— About this exercise —
Bring together every line in the data that includes "metis".

— Supplied data —

text \<open>Cut x at the last letter boundary of h(x) inside u: the image of the first part is the
  prefix of u of the same length, and by injectivity of h it determines the first part.\<close>
lemma card_preimages_extending_le:
  fixes h :: "'a \<Rightarrow> 'b list"
  assumes inj: "inj (morph h)" and bnd: "\<And>c. length (h c) \<le> M" and fin: "finite (UNIV :: 'a set)"
  shows "card (preimages_extending h u K t) \<le> (length u + 1) * card {xs :: 'a list. length xs < K + M}"
proof -
  let ?S = "preimages_extending h u K t" and ?T = "{xs :: 'a list. length xs < K + M}"
  have ne: "\<And>c. h c \<noteq> []" using inj by (rule inj_morph_nonempty)
  have "0 < M" using bnd[of undefined] ne[of undefined] by (metis length_greater_0_conv less_le_trans)
  have "\<forall>x\<in>?S. \<exists>k. prefix (morph h (take k x)) u \<and> length u < length (morph h (take k x)) + M"
    using morph_cut_below[of h M, OF bnd \<open>0 < M\<close>] unfolding preimages_extending_def by blast
  then obtain k where k: "\<And>x. x \<in> ?S \<Longrightarrow> prefix (morph h (take (k x) x)) u"
    "\<And>x. x \<in> ?S \<Longrightarrow> length u < length (morph h (take (k x) x)) + M"
    by metis
  define f where "f x = (length (morph h (take (k x) x)), drop (k x) x)" for x
  have "inj_on f ?S"
  proof (rule inj_onI)
    fix x y assume "x \<in> ?S" "y \<in> ?S" "f x = f y"
    then have "morph h (take (k x) x) = morph h (take (k y) y)"
      using k(1) unfolding f_def by (metis prefix_length_prefix prefix_order.antisym order_refl fst_conv)
    then have "take (k x) x = take (k y) y" using inj by (simp add: inj_eq)
    with \<open>f x = f y\<close> show "x = y" unfolding f_def by (metis append_take_drop_id snd_conv)
  qed
  moreover have "f ` ?S \<subseteq> {..length u} \<times> ?T"
  proof (rule image_subsetI)
    fix x assume x: "x \<in> ?S"
    have "morph h x = morph h (take (k x) x) @ morph h (drop (k x) x)"
      by (metis append_take_drop_id morph_append)
    then have "length (drop (k x) x) < K + M"
      using x k(2)[OF x] length_le_length_morph[of h "drop (k x) x", OF ne]
      unfolding preimages_extending_def by simp
    then show "f x \<in> {..length u} \<times> ?T"
      using prefix_length_le[OF k(1)[OF x]] unfolding f_def by simp
  qed
  ultimately have "card ?S \<le> card ({..length u} \<times> ?T)"
    using finite_lists_length_less[OF fin] by (intro card_inj_on_le) auto
  then show ?thesis by (simp add: card_cartesian_product)
qed

lemma summable_poly_times_geometric: "summable (\<lambda>d. real (M * (d + 2) + 1) ^ 4 * (2/3 :: real) ^ d)"
proof (cases "M = 0")
  case True
  then show ?thesis by (simp add: summable_geometric)
next
  case False
  then have "0 < real M" by simp
  then have "(\<lambda>d. (real M * real d + 2 * real M + 1) ^ 4 * (2/3 :: real) ^ d) \<in> O(\<lambda>d. (3/4) ^ d)"
    by real_asymp
  then have "(\<lambda>d. real (M * (d + 2) + 1) ^ 4 * (2/3 :: real) ^ d) \<in> O(\<lambda>d. (3/4) ^ d)"
    by (simp add: algebra_simps)
  then show ?thesis
    by (rule summable_comparison_test_bigo[rotated]) (simp add: summable_geometric)
qed

lemma summable_tail_le:
  fixes f :: "nat \<Rightarrow> real"
  assumes "summable f" "0 < \<epsilon>"
  shows "\<exists>D. \<forall>K. (\<Sum>d=D..K. f d) \<le> \<epsilon>"
proof -
  obtain D where D: "\<forall>m\<ge>D. \<forall>n. norm (sum f {m..<n}) < \<epsilon>"
    using assms unfolding summable_Cauchy by blast
  have "(\<Sum>d=D..K. f d) \<le> \<epsilon>" for K
    using D[rule_format, of D "Suc K"] by (simp add: atLeastLessThanSuc_atLeastAtMost abs_less_iff)
  then show ?thesis by blast
qed

definition bounded_codes :: "nat \<Rightarrow> ('a \<Rightarrow> 'b list) set" where
  "bounded_codes M = {h. inj (morph h) \<and> (\<forall>c. length (h c) \<le> M)}"

definition card_short_words :: "'a itself \<Rightarrow> nat \<Rightarrow> nat" where
  "card_short_words A M = card {xs :: 'a list. length xs < 3 * M}"

text \<open>Bound on the bad extensions at depth d relative to the number of good words of length n:
  the codes h, the tails, the pairs (L, p) weighted by L + 1, and (2/3)^d for the good prefixes
  of length n - d.\<close>
definition bad_weight :: "'a itself \<Rightarrow> 'b itself \<Rightarrow> nat \<Rightarrow> nat \<Rightarrow> real" where
  "bad_weight A B M d = real (card (bounded_codes M :: ('a \<Rightarrow> 'b list) set))
     * real (card_short_words A M) * real (M * (d + 2) + 1) ^ 4 * (2/3) ^ d"

definition depth_bound :: "'a itself \<Rightarrow> 'b itself \<Rightarrow> nat \<Rightarrow> nat" where
  "depth_bound A B M = (SOME D. \<forall>K. (\<Sum>d=D..K. bad_weight A B M d) \<le> 1 / (4 * 2 ^ M))"

text \<open>Since a repetition at depth d has L \<le> M (d + 2), this threshold forces both
  depth_bound \<le> d and M < d + 2.\<close>
definition threshold :: "'a itself \<Rightarrow> 'b itself \<Rightarrow> nat \<Rightarrow> nat" where
  "threshold A B M = M * (depth_bound A B M + 2) + M * M + 1"

text \<open>The parameter B only fixes the target alphabet.\<close>
definition good :: "'b itself \<Rightarrow> 'a list \<Rightarrow> bool" where
  "good B v \<longleftrightarrow> (\<forall>M (h :: 'a \<Rightarrow> 'b list) i p L. h \<in> bounded_codes M \<longrightarrow>
     threshold TYPE('a) B M \<le> L \<longrightarrow> p \<le> L\<^sup>2 \<longrightarrow> \<not> periodic_factor (morph h v) i p L)"

definition good_words :: "'b itself \<Rightarrow> nat \<Rightarrow> 'a list set" where
  "good_words B n = {v. length v = n \<and> good B v}"

definition bad_extensions :: "'b itself \<Rightarrow> nat \<Rightarrow> 'a list set" where
  "bad_extensions B n = {v @ [c] | v c. v \<in> good_words B n \<and> \<not> good B (v @ [c])}"

definition bad_cover :: "'b itself \<Rightarrow> nat \<Rightarrow> nat \<Rightarrow> ('a \<Rightarrow> 'b list) \<Rightarrow> nat \<Rightarrow> nat \<Rightarrow> nat \<Rightarrow> 'a list set"
  where "bad_cover B n M h s L p = (\<Union>y\<in>good_words B s. (@) y `
     preimages_extending h (periodic_extension (morph h y) p (L - M)) (2 * M) (n + 1 - s))"

lemma depth_bound_tail: "(\<Sum>d=depth_bound A B M..K. bad_weight A B M d) \<le> 1 / (4 * 2 ^ M)"
proof -
  have "summable (bad_weight A B M)"
    unfolding bad_weight_def mult.assoc by (intro summable_mult summable_poly_times_geometric)
  then have "\<exists>D. \<forall>K. (\<Sum>d=D..K. bad_weight A B M d) \<le> 1 / (4 * 2 ^ M)"
    by (rule summable_tail_le) simp
  then show ?thesis unfolding depth_bound_def by (rule someI_ex[THEN spec])
qed

lemma good_appendD: "good B (v @ u) \<Longrightarrow> good B v"
  unfolding good_def using periodic_factor_append by (metis morph_append)

lemma good_take: "good B v \<Longrightarrow> good B (take s v)"
  by (metis append_take_drop_id good_appendD)

lemma good_Nil: "good B []"
  unfolding good_def periodic_factor_def by auto

lemma finite_bounded_codes:
  assumes "finite (UNIV :: 'a set)" "finite (UNIV :: 'b set)"
  shows "finite (bounded_codes M :: ('a \<Rightarrow> 'b list) set)"
proof (rule finite_subset)
  let ?B = "{zs :: 'b list. set zs \<subseteq> UNIV \<and> length zs \<le> M}"
  show "bounded_codes M \<subseteq> {h. \<forall>c. (c \<in> UNIV \<longrightarrow> h c \<in> ?B) \<and> (c \<notin> UNIV \<longrightarrow> h c = [])}"
    unfolding bounded_codes_def by auto
  show "finite {h. \<forall>c. (c \<in> (UNIV :: 'a set) \<longrightarrow> h c \<in> ?B) \<and> (c \<notin> UNIV \<longrightarrow> h c = [])}"
    using assms by (intro finite_set_of_finite_funs finite_lists_length_le)
qed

— Expected answer —
  have "0 < M" using bnd[of undefined] ne[of undefined] by (metis length_greater_0_conv less_le_trans)
    by metis
      using k(1) unfolding f_def by (metis prefix_length_prefix prefix_order.antisym order_refl fst_conv)
    with \<open>f x = f y\<close> show "x = y" unfolding f_def by (metis append_take_drop_id snd_conv)
      by (metis append_take_drop_id morph_append)
  unfolding good_def using periodic_factor_append by (metis morph_append)
  by (metis append_take_drop_id good_appendD)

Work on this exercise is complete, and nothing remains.